Your objective ->
What lines of the listing below contain the word "zeta"? Copy each of them out.

Records for this task ->
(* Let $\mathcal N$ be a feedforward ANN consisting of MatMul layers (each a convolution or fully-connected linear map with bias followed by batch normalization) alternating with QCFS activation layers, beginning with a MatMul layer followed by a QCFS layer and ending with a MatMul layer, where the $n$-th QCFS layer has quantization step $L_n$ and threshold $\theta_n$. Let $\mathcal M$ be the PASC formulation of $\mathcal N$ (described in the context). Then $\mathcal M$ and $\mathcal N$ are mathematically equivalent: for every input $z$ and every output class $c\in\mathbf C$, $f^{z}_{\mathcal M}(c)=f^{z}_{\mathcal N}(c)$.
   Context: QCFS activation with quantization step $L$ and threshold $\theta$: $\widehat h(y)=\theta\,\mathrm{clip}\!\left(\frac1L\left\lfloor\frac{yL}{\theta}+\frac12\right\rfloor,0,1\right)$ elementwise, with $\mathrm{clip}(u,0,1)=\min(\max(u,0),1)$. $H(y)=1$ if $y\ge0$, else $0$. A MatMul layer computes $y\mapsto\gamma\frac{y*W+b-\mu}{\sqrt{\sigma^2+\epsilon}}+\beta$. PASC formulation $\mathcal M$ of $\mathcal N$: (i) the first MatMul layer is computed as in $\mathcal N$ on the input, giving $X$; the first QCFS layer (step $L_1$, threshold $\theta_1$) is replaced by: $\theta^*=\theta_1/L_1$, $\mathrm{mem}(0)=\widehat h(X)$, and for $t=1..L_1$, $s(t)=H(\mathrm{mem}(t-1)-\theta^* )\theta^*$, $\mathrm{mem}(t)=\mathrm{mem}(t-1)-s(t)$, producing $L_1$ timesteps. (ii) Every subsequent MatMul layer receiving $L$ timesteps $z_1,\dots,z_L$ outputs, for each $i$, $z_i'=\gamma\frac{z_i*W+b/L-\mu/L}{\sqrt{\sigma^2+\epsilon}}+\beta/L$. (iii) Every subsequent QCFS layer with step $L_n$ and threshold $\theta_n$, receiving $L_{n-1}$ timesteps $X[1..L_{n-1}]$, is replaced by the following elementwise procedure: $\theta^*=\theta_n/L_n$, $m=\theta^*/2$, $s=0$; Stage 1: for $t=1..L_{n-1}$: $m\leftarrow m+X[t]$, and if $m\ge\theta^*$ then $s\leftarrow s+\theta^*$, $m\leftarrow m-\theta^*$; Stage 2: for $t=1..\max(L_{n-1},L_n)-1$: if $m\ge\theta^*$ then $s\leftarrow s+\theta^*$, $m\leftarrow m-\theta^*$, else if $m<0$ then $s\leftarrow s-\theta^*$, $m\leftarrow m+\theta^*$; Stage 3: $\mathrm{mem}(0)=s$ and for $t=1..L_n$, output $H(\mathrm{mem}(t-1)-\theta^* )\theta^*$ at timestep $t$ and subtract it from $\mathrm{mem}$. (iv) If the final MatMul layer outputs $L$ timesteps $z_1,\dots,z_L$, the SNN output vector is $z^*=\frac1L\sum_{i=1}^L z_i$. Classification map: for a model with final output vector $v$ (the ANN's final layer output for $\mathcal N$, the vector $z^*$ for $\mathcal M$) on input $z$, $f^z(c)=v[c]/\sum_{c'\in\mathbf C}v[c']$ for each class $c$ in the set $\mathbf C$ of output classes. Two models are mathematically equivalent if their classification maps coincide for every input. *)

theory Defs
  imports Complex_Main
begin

---

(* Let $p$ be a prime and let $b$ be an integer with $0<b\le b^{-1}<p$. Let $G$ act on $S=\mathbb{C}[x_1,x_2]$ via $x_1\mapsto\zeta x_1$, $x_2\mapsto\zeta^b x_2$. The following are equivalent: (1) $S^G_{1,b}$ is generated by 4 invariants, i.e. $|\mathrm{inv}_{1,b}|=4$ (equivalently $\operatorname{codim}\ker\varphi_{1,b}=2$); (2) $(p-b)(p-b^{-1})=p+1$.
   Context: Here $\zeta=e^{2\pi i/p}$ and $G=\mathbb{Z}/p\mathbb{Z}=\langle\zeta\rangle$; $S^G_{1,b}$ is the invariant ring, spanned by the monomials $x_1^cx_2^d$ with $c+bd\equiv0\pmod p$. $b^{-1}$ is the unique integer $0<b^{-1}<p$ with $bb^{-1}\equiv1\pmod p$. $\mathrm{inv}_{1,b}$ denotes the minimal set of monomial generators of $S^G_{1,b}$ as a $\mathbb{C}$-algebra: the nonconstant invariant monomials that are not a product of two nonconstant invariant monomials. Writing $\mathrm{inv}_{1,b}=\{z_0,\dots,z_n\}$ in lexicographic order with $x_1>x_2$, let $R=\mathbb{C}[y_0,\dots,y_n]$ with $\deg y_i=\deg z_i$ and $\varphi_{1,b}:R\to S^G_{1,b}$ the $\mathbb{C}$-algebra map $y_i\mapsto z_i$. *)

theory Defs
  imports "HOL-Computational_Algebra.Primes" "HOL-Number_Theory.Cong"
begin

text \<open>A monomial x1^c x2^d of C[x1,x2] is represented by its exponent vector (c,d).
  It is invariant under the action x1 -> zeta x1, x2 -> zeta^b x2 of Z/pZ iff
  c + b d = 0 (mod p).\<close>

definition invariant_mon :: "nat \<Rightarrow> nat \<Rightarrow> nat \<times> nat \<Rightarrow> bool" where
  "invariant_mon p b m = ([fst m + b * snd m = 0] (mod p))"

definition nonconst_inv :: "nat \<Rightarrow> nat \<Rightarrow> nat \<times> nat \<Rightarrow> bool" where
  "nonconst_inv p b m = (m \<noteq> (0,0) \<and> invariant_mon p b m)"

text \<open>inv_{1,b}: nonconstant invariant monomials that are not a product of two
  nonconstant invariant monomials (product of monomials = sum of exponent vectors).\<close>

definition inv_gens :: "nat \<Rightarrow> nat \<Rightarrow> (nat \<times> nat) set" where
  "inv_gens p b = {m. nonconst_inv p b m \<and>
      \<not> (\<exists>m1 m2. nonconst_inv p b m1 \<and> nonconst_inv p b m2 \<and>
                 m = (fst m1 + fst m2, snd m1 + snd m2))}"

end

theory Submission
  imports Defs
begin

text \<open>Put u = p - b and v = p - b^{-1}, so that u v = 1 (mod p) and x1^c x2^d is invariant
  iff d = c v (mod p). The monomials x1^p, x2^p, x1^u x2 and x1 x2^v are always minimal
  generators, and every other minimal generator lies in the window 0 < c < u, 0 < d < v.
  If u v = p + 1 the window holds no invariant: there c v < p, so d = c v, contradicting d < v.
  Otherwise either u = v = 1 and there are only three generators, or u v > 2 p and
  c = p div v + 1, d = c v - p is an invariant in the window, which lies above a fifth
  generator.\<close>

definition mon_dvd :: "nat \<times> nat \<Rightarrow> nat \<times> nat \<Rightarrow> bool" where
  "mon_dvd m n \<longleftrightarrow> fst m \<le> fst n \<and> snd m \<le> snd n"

Your response ->
(* Let $p$ be a prime and let $b$ be an integer with $0<b\le b^{-1}<p$. Let $G$ act on $S=\mathbb{C}[x_1,x_2]$ via $x_1\mapsto\zeta x_1$, $x_2\mapsto\zeta^b x_2$. The following are equivalent: (1) $S^G_{1,b}$ is generated by 4 invariants, i.e. $|\mathrm{inv}_{1,b}|=4$ (equivalently $\operatorname{codim}\ker\varphi_{1,b}=2$); (2) $(p-b)(p-b^{-1})=p+1$.
   Context: Here $\zeta=e^{2\pi i/p}$ and $G=\mathbb{Z}/p\mathbb{Z}=\langle\zeta\rangle$; $S^G_{1,b}$ is the invariant ring, spanned by the monomials $x_1^cx_2^d$ with $c+bd\equiv0\pmod p$. $b^{-1}$ is the unique integer $0<b^{-1}<p$ with $bb^{-1}\equiv1\pmod p$. $\mathrm{inv}_{1,b}$ denotes the minimal set of monomial generators of $S^G_{1,b}$ as a $\mathbb{C}$-algebra: the nonconstant invariant monomials that are not a product of two nonconstant invariant monomials. Writing $\mathrm{inv}_{1,b}=\{z_0,\dots,z_n\}$ in lexicographic order with $x_1>x_2$, let $R=\mathbb{C}[y_0,\dots,y_n]$ with $\deg y_i=\deg z_i$ and $\varphi_{1,b}:R\to S^G_{1,b}$ the $\mathbb{C}$-algebra map $y_i\mapsto z_i$. *)
  It is invariant under the action x1 -> zeta x1, x2 -> zeta^b x2 of Z/pZ iff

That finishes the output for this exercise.